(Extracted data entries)
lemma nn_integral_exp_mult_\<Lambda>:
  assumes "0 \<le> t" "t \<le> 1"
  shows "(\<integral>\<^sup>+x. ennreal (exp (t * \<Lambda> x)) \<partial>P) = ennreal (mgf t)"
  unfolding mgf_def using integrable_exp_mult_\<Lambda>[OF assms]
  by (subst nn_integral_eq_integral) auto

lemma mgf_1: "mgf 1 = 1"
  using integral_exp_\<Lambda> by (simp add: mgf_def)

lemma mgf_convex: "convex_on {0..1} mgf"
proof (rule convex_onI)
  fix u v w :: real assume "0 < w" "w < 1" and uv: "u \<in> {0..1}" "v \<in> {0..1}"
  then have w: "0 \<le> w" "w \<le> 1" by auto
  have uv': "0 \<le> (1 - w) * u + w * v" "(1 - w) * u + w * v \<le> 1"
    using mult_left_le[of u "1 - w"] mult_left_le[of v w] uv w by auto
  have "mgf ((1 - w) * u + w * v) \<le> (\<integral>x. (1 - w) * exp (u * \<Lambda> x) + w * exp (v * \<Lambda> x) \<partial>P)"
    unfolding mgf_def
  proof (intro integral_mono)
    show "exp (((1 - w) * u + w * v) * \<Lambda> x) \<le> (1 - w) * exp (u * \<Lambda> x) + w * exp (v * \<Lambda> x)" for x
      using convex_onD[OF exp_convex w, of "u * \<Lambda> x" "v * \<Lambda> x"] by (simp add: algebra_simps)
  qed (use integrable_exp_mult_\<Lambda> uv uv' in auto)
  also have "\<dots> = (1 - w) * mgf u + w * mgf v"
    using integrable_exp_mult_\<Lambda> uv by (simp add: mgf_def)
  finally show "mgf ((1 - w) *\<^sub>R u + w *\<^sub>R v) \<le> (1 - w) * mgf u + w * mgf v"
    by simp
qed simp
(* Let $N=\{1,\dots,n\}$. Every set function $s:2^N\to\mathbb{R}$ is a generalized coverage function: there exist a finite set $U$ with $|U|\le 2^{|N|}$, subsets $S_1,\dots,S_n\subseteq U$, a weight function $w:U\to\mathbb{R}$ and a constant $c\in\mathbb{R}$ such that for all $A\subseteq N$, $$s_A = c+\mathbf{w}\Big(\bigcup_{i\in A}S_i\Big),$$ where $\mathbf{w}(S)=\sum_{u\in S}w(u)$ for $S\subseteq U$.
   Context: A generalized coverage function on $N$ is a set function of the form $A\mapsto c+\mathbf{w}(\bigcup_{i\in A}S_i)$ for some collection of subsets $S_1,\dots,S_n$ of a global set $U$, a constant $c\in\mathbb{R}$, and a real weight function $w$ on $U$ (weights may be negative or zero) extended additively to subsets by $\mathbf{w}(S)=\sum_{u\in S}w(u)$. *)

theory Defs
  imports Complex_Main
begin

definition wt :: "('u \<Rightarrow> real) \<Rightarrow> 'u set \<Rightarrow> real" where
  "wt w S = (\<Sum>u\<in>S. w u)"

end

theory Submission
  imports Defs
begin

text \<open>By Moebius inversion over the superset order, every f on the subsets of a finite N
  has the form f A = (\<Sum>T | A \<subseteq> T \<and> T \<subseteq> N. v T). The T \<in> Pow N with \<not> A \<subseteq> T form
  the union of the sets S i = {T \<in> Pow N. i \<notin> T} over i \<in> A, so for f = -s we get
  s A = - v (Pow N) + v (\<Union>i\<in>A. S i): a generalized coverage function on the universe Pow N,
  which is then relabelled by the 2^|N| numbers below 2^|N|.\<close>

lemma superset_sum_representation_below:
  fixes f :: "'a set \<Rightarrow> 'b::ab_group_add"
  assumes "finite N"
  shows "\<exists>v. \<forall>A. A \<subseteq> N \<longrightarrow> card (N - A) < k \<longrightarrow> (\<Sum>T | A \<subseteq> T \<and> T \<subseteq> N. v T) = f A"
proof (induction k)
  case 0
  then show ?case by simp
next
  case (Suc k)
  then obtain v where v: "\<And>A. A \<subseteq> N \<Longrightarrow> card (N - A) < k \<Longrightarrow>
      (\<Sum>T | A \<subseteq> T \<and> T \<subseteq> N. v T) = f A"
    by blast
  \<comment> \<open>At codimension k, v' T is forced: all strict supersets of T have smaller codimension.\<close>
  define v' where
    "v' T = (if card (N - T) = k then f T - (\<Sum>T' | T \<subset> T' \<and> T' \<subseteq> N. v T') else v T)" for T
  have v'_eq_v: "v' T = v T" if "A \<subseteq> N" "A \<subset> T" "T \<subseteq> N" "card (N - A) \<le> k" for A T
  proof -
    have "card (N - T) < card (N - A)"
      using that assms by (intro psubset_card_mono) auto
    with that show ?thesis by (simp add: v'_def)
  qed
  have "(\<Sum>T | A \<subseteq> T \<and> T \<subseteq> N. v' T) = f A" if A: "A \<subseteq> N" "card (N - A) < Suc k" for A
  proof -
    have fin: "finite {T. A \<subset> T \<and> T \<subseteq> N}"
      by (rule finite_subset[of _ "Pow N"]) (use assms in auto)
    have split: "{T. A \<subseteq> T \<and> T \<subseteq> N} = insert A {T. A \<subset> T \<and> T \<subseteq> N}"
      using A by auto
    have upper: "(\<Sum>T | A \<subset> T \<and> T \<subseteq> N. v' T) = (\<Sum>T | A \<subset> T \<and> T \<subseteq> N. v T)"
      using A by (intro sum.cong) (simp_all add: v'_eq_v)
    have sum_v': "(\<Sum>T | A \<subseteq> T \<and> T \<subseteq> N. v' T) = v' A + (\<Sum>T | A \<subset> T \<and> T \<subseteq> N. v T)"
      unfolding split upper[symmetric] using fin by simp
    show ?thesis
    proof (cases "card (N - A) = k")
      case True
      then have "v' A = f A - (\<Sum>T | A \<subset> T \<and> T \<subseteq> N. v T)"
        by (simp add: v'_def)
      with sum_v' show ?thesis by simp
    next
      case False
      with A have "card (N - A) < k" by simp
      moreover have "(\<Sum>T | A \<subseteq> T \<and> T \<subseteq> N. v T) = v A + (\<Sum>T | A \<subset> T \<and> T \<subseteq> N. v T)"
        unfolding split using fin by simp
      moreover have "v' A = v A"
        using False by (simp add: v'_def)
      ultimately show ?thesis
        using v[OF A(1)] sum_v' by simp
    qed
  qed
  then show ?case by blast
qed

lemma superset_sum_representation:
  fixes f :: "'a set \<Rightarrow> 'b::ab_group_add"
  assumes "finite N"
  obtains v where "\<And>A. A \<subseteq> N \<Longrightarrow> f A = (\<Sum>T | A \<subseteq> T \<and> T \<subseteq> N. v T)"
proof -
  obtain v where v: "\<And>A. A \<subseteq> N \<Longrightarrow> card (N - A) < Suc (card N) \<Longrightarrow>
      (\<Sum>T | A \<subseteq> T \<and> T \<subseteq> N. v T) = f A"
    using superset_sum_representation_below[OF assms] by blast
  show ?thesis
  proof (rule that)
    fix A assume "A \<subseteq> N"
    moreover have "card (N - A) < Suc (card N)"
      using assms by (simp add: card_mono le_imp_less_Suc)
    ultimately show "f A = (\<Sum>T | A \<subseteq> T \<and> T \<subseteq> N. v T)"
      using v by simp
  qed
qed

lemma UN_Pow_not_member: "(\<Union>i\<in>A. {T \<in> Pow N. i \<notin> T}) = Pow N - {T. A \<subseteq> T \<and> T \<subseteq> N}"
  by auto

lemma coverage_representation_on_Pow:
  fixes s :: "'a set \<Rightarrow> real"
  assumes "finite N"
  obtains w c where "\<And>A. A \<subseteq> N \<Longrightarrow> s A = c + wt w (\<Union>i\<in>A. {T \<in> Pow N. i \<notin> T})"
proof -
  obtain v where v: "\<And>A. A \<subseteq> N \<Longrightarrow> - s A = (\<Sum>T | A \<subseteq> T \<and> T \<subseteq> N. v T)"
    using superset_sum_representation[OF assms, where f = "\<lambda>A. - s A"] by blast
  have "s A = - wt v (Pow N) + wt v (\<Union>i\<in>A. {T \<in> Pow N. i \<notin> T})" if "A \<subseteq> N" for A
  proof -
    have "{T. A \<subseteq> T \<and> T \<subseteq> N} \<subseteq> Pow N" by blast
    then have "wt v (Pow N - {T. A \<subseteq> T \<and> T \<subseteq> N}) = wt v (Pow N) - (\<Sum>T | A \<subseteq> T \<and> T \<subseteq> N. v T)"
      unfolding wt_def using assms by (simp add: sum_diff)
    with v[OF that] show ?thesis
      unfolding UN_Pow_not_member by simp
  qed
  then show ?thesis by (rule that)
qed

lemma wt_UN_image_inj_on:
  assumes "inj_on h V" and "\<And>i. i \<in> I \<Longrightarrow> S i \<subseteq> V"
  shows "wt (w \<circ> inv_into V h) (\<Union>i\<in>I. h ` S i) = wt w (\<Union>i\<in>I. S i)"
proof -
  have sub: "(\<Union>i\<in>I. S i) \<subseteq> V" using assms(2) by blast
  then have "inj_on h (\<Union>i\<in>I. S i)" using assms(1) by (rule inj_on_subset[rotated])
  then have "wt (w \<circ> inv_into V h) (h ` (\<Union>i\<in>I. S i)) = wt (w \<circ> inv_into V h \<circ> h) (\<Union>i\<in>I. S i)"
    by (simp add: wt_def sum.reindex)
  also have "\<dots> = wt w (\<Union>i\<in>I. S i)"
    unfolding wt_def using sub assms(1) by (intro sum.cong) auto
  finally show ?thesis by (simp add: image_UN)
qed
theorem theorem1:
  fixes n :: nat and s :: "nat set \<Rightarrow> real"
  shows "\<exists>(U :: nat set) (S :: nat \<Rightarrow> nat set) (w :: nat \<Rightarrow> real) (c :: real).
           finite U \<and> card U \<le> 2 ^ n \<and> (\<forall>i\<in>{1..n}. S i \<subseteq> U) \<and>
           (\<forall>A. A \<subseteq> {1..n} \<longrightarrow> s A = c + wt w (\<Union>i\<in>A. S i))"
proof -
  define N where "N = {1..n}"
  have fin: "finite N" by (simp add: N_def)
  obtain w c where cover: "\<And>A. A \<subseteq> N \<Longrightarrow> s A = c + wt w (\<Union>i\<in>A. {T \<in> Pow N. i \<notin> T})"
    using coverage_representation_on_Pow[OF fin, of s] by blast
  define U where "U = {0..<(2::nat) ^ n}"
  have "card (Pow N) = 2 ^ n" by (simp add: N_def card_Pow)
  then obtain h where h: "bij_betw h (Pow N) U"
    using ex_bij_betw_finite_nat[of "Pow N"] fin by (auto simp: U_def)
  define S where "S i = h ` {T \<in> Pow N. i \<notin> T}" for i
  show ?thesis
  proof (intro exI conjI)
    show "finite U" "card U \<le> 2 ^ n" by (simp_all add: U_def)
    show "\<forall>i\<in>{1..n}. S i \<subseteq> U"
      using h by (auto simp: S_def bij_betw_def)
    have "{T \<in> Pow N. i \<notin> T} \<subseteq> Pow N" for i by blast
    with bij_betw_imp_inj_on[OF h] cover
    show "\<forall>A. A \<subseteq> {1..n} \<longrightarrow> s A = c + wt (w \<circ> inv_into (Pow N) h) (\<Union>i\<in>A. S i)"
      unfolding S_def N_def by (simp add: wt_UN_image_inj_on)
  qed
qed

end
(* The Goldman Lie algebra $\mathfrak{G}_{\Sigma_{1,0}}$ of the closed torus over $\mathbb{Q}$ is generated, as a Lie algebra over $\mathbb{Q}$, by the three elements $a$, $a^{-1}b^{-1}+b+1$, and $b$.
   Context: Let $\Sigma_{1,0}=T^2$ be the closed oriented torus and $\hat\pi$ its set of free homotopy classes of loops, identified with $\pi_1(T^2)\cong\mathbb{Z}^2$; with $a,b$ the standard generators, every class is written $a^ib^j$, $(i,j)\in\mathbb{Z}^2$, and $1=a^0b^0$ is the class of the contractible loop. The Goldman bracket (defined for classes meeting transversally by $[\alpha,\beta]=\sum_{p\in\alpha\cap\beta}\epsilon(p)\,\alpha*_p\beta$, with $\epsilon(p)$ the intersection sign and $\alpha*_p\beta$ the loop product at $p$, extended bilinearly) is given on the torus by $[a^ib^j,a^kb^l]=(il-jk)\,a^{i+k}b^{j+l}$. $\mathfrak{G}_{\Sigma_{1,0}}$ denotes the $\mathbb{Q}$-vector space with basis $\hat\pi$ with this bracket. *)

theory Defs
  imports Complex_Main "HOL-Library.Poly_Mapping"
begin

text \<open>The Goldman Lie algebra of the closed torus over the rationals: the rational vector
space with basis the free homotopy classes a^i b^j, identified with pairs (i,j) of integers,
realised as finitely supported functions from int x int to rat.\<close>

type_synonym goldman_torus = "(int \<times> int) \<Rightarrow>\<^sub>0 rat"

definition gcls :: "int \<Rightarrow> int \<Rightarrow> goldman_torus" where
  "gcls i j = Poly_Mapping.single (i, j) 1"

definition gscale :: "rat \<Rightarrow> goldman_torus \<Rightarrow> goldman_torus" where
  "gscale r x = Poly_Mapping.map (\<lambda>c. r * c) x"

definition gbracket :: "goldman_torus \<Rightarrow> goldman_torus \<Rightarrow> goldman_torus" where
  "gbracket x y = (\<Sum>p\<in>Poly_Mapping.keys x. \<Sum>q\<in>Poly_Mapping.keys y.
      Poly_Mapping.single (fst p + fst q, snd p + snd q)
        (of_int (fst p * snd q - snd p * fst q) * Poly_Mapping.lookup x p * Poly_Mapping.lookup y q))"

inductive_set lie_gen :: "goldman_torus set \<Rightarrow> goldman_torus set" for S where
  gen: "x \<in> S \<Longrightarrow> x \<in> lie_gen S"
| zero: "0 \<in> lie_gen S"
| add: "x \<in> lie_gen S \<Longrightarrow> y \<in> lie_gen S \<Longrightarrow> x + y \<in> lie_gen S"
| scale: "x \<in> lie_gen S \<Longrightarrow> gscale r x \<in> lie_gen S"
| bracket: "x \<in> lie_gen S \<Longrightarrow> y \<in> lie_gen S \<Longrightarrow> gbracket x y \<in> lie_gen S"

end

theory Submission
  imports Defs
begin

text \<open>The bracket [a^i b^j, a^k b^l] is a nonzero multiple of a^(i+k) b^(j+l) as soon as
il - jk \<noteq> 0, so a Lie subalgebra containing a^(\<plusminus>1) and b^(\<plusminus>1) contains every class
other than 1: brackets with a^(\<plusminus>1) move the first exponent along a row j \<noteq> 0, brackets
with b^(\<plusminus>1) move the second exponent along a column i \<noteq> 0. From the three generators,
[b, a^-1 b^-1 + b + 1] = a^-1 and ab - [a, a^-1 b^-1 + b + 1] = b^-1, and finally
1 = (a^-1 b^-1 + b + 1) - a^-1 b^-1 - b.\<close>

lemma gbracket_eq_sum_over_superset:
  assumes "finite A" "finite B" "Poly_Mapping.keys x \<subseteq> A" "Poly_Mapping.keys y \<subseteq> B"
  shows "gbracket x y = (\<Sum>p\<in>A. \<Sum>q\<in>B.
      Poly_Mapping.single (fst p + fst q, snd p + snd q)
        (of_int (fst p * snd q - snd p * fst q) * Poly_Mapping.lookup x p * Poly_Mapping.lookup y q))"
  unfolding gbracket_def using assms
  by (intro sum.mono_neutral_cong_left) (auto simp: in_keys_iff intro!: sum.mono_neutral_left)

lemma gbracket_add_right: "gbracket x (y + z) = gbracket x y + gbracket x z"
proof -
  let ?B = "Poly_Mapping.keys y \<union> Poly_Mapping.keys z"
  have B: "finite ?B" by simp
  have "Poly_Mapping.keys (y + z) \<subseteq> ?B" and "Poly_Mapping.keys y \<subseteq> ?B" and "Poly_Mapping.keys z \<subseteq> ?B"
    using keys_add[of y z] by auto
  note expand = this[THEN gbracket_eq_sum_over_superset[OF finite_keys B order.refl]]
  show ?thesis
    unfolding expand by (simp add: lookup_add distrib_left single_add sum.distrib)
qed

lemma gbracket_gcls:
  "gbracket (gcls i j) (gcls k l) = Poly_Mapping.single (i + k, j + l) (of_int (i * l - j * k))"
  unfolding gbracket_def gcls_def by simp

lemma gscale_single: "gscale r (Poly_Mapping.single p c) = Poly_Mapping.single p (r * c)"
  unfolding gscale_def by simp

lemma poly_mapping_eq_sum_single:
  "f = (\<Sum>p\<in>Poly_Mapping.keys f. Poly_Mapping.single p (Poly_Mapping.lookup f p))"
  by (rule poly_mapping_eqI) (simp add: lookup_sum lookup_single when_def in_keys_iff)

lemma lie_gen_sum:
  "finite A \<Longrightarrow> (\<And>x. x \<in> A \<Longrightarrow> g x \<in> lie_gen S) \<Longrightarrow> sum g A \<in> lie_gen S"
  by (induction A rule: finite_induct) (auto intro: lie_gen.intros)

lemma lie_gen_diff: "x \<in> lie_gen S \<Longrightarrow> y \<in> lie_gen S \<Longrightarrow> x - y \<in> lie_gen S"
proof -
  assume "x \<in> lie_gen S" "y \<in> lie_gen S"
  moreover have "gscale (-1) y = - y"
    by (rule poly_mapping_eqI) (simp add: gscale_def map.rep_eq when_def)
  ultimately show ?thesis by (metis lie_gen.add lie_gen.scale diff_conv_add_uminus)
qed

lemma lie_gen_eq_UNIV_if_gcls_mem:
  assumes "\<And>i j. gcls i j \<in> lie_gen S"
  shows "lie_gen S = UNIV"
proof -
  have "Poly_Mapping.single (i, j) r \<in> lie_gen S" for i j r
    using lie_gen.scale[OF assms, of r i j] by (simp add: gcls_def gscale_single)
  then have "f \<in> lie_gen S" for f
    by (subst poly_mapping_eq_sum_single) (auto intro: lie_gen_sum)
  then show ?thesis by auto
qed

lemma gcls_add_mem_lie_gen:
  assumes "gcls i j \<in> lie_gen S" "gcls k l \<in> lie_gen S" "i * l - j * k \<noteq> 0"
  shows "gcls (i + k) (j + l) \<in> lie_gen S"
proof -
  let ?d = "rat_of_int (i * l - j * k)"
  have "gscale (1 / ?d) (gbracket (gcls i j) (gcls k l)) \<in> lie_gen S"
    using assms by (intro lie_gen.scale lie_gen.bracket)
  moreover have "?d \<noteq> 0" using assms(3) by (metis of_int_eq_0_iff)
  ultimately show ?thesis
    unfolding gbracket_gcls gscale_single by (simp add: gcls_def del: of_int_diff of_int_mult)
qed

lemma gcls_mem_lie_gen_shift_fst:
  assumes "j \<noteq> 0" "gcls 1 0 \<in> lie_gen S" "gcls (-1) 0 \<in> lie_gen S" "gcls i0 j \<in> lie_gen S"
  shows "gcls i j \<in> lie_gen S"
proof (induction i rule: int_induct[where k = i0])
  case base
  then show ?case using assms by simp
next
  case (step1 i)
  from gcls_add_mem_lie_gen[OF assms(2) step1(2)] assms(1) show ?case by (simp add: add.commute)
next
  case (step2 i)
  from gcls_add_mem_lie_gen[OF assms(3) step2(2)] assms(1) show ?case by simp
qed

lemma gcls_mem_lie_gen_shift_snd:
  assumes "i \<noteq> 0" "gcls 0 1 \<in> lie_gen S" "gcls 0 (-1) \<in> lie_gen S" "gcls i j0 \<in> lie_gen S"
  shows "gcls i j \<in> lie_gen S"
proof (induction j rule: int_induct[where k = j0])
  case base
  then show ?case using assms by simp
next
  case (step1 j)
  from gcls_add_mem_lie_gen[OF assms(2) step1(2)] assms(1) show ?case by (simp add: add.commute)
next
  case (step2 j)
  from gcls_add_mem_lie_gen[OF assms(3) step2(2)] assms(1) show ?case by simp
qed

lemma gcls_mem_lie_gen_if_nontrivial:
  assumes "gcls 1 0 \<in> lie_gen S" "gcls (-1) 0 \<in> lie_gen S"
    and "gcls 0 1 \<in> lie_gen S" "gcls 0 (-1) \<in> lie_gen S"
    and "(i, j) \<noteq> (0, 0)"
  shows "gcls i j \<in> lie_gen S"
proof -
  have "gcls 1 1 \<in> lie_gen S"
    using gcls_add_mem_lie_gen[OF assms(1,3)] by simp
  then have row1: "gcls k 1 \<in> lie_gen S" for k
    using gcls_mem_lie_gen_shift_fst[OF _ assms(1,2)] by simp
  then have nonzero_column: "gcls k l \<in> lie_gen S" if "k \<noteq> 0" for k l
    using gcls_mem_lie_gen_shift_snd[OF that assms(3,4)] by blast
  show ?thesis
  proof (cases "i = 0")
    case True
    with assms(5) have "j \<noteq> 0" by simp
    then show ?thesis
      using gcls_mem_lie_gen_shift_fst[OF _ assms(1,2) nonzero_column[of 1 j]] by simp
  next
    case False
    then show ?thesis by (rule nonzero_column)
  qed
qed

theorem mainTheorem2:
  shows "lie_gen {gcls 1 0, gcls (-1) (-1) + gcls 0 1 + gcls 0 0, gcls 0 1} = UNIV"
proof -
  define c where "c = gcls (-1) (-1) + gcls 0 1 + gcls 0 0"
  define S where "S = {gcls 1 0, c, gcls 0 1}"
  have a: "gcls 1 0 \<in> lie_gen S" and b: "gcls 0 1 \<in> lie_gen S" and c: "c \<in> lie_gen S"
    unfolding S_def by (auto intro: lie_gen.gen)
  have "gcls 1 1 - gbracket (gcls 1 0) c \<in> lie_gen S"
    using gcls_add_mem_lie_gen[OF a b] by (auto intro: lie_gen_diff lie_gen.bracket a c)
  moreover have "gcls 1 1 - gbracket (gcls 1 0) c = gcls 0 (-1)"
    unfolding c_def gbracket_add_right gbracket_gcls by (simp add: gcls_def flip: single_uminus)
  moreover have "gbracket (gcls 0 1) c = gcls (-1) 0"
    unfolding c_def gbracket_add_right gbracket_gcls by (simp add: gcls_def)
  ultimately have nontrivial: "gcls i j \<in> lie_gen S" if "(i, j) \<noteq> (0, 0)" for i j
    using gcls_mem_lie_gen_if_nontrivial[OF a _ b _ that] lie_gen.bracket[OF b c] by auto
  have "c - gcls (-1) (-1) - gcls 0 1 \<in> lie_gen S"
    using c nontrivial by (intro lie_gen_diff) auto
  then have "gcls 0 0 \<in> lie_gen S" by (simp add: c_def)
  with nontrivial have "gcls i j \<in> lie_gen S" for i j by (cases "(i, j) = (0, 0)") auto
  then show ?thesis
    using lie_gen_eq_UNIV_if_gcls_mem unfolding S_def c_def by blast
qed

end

ABOUT THIS TASK:
From the entries above, extract only the lines running from the one containing "fix A assume" through the one containing "N \<Longrightarrow> - s", inclusive.

SOLUTION FOR THIS PROBLEM:
    fix A assume "A \<subseteq> N"
    moreover have "card (N - A) < Suc (card N)"
      using assms by (simp add: card_mono le_imp_less_Suc)
    ultimately show "f A = (\<Sum>T | A \<subseteq> T \<and> T \<subseteq> N. v T)"
      using v by simp
  qed
qed

lemma UN_Pow_not_member: "(\<Union>i\<in>A. {T \<in> Pow N. i \<notin> T}) = Pow N - {T. A \<subseteq> T \<and> T \<subseteq> N}"
  by auto

lemma coverage_representation_on_Pow:
  fixes s :: "'a set \<Rightarrow> real"
  assumes "finite N"
  obtains w c where "\<And>A. A \<subseteq> N \<Longrightarrow> s A = c + wt w (\<Union>i\<in>A. {T \<in> Pow N. i \<notin> T})"
proof -
  obtain v where v: "\<And>A. A \<subseteq> N \<Longrightarrow> - s A = (\<Sum>T | A \<subseteq> T \<and> T \<subseteq> N. v T)"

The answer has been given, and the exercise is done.